(Source data)
* * * * * * *
(* Let $\mathfrak{g}$ be a filiform Lie algebra of odd dimension $n\ge3$ over a field $K$ of characteristic zero, and fix an adapted basis $\{e_1,\dots,e_n\}$, with $\mathfrak{g}_i=\langle e_i,\dots,e_n\rangle$. Then $\chi(\mathfrak{g})=1$ if and only if $[\mathfrak{g}_i,\mathfrak{g}_{n-i}]\neq0$ for all $i=1,\dots,n-1$.
   Context: A filiform Lie algebra of dimension $n$ is a nilpotent Lie algebra with $\dim\mathfrak{g}^k=n-k$ for $2\le k\le n$ (lower central series $\mathfrak{g}^1=\mathfrak{g}$, $\mathfrak{g}^{k+1}=[\mathfrak{g},\mathfrak{g}^k]$). An adapted basis is a basis $\{e_1,\dots,e_n\}$ with $[e_1,e_i]=e_{i+1}$ ($2\le i\le n-1$), $[e_1,e_n]=0$, $[e_2,e_3]\in\langle e_5,\dots,e_n\rangle$; such a basis exists, and (Vergne) it then satisfies $[e_i,e_j]\in\langle e_{i+j},\dots,e_n\rangle$ if $i+j\le n$, $[e_i,e_j]=0$ if $i+j>n+1$, and $[e_i,e_{n+1-i}]=(-1)^i\alpha e_n$ for some $\alpha\in K$ with $\alpha=0$ when $n$ is odd. For $\ell\in\mathfrak{g}^*$, $\mathfrak{g}(\ell)=\{y\in\mathfrak{g}\mid\ell([x,y])=0\ \forall x\in\mathfrak{g}\}$ and $\chi(\mathfrak{g})=\min_{\ell\in\mathfrak{g}^*}\dim\mathfrak{g}(\ell)$. *)

theory Defs
  imports Complex_Main
begin

definition lie_algebra :: "('k::field \<Rightarrow> 'g::ab_group_add \<Rightarrow> 'g) \<Rightarrow> ('g \<Rightarrow> 'g \<Rightarrow> 'g) \<Rightarrow> bool" where
  "lie_algebra s br \<longleftrightarrow> vector_space s \<and>
     (\<forall>x y z. br (x + y) z = br x z + br y z) \<and>
     (\<forall>x y z. br x (y + z) = br x y + br x z) \<and>
     (\<forall>c x y. br (s c x) y = s c (br x y)) \<and>
     (\<forall>c x y. br x (s c y) = s c (br x y)) \<and>
     (\<forall>x. br x x = 0) \<and>
     (\<forall>x y z. br x (br y z) + br y (br z x) + br z (br x y) = 0)"

definition bracket_space :: "('k::field \<Rightarrow> 'g::ab_group_add \<Rightarrow> 'g) \<Rightarrow> ('g \<Rightarrow> 'g \<Rightarrow> 'g) \<Rightarrow> 'g set \<Rightarrow> 'g set \<Rightarrow> 'g set" where
  "bracket_space s br A B = module.span s {br a b | a b. a \<in> A \<and> b \<in> B}"

text \<open>Lower central series: g^1 = g, g^(k+1) = [g, g^k] (g^0 is also set to g).\<close>
fun lcs :: "('k::field \<Rightarrow> 'g::ab_group_add \<Rightarrow> 'g) \<Rightarrow> ('g \<Rightarrow> 'g \<Rightarrow> 'g) \<Rightarrow> nat \<Rightarrow> 'g set" where
  "lcs s br 0 = UNIV"
| "lcs s br (Suc 0) = UNIV"
| "lcs s br (Suc (Suc k)) = bracket_space s br UNIV (lcs s br (Suc k))"

definition finite_dim :: "('k::field \<Rightarrow> 'g::ab_group_add \<Rightarrow> 'g) \<Rightarrow> bool" where
  "finite_dim s \<longleftrightarrow> (\<exists>B. finite B \<and> module.span s B = UNIV)"

definition nilpotent_lie :: "('k::field \<Rightarrow> 'g::ab_group_add \<Rightarrow> 'g) \<Rightarrow> ('g \<Rightarrow> 'g \<Rightarrow> 'g) \<Rightarrow> bool" where
  "nilpotent_lie s br \<longleftrightarrow> (\<exists>k\<ge>1. lcs s br k = {0})"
* * * * * * *
WHAT TO PRODUCE. Copy out each line from the preceding entries that mentions the word "forall".

ANSWER TO THIS PROBLEM.
   Context: A filiform Lie algebra of dimension $n$ is a nilpotent Lie algebra with $\dim\mathfrak{g}^k=n-k$ for $2\le k\le n$ (lower central series $\mathfrak{g}^1=\mathfrak{g}$, $\mathfrak{g}^{k+1}=[\mathfrak{g},\mathfrak{g}^k]$). An adapted basis is a basis $\{e_1,\dots,e_n\}$ with $[e_1,e_i]=e_{i+1}$ ($2\le i\le n-1$), $[e_1,e_n]=0$, $[e_2,e_3]\in\langle e_5,\dots,e_n\rangle$; such a basis exists, and (Vergne) it then satisfies $[e_i,e_j]\in\langle e_{i+j},\dots,e_n\rangle$ if $i+j\le n$, $[e_i,e_j]=0$ if $i+j>n+1$, and $[e_i,e_{n+1-i}]=(-1)^i\alpha e_n$ for some $\alpha\in K$ with $\alpha=0$ when $n$ is odd. For $\ell\in\mathfrak{g}^*$, $\mathfrak{g}(\ell)=\{y\in\mathfrak{g}\mid\ell([x,y])=0\ \forall x\in\mathfrak{g}\}$ and $\chi(\mathfrak{g})=\min_{\ell\in\mathfrak{g}^*}\dim\mathfrak{g}(\ell)$. *)
     (\<forall>x y z. br (x + y) z = br x z + br y z) \<and>
     (\<forall>x y z. br x (y + z) = br x y + br x z) \<and>
     (\<forall>c x y. br (s c x) y = s c (br x y)) \<and>
     (\<forall>c x y. br x (s c y) = s c (br x y)) \<and>
     (\<forall>x. br x x = 0) \<and>
     (\<forall>x y z. br x (br y z) + br y (br z x) + br z (br x y) = 0)"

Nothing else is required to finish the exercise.